(Information supplied Opens)

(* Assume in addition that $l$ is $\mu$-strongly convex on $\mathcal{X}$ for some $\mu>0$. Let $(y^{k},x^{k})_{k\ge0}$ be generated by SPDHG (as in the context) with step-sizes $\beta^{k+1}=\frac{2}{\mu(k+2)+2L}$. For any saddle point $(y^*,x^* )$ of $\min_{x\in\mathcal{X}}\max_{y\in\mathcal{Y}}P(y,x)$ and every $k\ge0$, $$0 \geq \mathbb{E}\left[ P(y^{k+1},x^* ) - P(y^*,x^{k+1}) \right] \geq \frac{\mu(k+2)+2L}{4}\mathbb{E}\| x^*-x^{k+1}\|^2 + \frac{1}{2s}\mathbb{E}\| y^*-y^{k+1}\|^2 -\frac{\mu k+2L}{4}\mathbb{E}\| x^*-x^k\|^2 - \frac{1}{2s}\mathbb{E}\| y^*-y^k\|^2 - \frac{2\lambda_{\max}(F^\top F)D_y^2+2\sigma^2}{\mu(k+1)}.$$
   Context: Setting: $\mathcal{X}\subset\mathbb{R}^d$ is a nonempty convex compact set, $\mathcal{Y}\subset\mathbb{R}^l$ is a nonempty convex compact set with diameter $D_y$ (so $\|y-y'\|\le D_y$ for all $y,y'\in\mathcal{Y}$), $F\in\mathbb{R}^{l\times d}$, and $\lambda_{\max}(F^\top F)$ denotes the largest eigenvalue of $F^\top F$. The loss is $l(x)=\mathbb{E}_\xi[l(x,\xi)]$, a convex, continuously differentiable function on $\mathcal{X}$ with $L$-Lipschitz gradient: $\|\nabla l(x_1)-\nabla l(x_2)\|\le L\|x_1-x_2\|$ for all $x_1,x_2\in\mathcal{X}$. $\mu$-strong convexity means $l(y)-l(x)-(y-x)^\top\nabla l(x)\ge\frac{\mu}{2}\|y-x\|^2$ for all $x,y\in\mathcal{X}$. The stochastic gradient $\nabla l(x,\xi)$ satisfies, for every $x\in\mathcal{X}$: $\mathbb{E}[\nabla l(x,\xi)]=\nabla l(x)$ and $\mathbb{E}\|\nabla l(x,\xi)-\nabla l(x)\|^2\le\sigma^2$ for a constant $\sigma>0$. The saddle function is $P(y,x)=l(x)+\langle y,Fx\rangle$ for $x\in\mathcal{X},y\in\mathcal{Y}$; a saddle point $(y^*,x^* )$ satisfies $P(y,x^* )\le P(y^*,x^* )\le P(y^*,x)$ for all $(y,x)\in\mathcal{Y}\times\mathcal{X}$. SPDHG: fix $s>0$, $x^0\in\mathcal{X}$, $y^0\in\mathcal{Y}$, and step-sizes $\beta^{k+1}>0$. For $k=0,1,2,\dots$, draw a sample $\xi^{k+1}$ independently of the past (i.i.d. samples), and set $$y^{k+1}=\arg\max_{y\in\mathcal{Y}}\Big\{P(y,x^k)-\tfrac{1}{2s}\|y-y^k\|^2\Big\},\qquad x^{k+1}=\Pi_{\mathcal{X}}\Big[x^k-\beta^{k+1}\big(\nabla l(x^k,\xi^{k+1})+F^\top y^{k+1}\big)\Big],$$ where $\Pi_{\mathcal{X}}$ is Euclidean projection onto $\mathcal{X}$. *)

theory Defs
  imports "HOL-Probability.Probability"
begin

(Information supplied Closes)

Task brief:
Without any alteration, repeat each entry shown above.

Solution to this task:
(* Assume in addition that $l$ is $\mu$-strongly convex on $\mathcal{X}$ for some $\mu>0$. Let $(y^{k},x^{k})_{k\ge0}$ be generated by SPDHG (as in the context) with step-sizes $\beta^{k+1}=\frac{2}{\mu(k+2)+2L}$. For any saddle point $(y^*,x^* )$ of $\min_{x\in\mathcal{X}}\max_{y\in\mathcal{Y}}P(y,x)$ and every $k\ge0$, $$0 \geq \mathbb{E}\left[ P(y^{k+1},x^* ) - P(y^*,x^{k+1}) \right] \geq \frac{\mu(k+2)+2L}{4}\mathbb{E}\| x^*-x^{k+1}\|^2 + \frac{1}{2s}\mathbb{E}\| y^*-y^{k+1}\|^2 -\frac{\mu k+2L}{4}\mathbb{E}\| x^*-x^k\|^2 - \frac{1}{2s}\mathbb{E}\| y^*-y^k\|^2 - \frac{2\lambda_{\max}(F^\top F)D_y^2+2\sigma^2}{\mu(k+1)}.$$
   Context: Setting: $\mathcal{X}\subset\mathbb{R}^d$ is a nonempty convex compact set, $\mathcal{Y}\subset\mathbb{R}^l$ is a nonempty convex compact set with diameter $D_y$ (so $\|y-y'\|\le D_y$ for all $y,y'\in\mathcal{Y}$), $F\in\mathbb{R}^{l\times d}$, and $\lambda_{\max}(F^\top F)$ denotes the largest eigenvalue of $F^\top F$. The loss is $l(x)=\mathbb{E}_\xi[l(x,\xi)]$, a convex, continuously differentiable function on $\mathcal{X}$ with $L$-Lipschitz gradient: $\|\nabla l(x_1)-\nabla l(x_2)\|\le L\|x_1-x_2\|$ for all $x_1,x_2\in\mathcal{X}$. $\mu$-strong convexity means $l(y)-l(x)-(y-x)^\top\nabla l(x)\ge\frac{\mu}{2}\|y-x\|^2$ for all $x,y\in\mathcal{X}$. The stochastic gradient $\nabla l(x,\xi)$ satisfies, for every $x\in\mathcal{X}$: $\mathbb{E}[\nabla l(x,\xi)]=\nabla l(x)$ and $\mathbb{E}\|\nabla l(x,\xi)-\nabla l(x)\|^2\le\sigma^2$ for a constant $\sigma>0$. The saddle function is $P(y,x)=l(x)+\langle y,Fx\rangle$ for $x\in\mathcal{X},y\in\mathcal{Y}$; a saddle point $(y^*,x^* )$ satisfies $P(y,x^* )\le P(y^*,x^* )\le P(y^*,x)$ for all $(y,x)\in\mathcal{Y}\times\mathcal{X}$. SPDHG: fix $s>0$, $x^0\in\mathcal{X}$, $y^0\in\mathcal{Y}$, and step-sizes $\beta^{k+1}>0$. For $k=0,1,2,\dots$, draw a sample $\xi^{k+1}$ independently of the past (i.i.d. samples), and set $$y^{k+1}=\arg\max_{y\in\mathcal{Y}}\Big\{P(y,x^k)-\tfrac{1}{2s}\|y-y^k\|^2\Big\},\qquad x^{k+1}=\Pi_{\mathcal{X}}\Big[x^k-\beta^{k+1}\big(\nabla l(x^k,\xi^{k+1})+F^\top y^{k+1}\big)\Big],$$ where $\Pi_{\mathcal{X}}$ is Euclidean projection onto $\mathcal{X}$. *)

theory Defs
  imports "HOL-Probability.Probability"
begin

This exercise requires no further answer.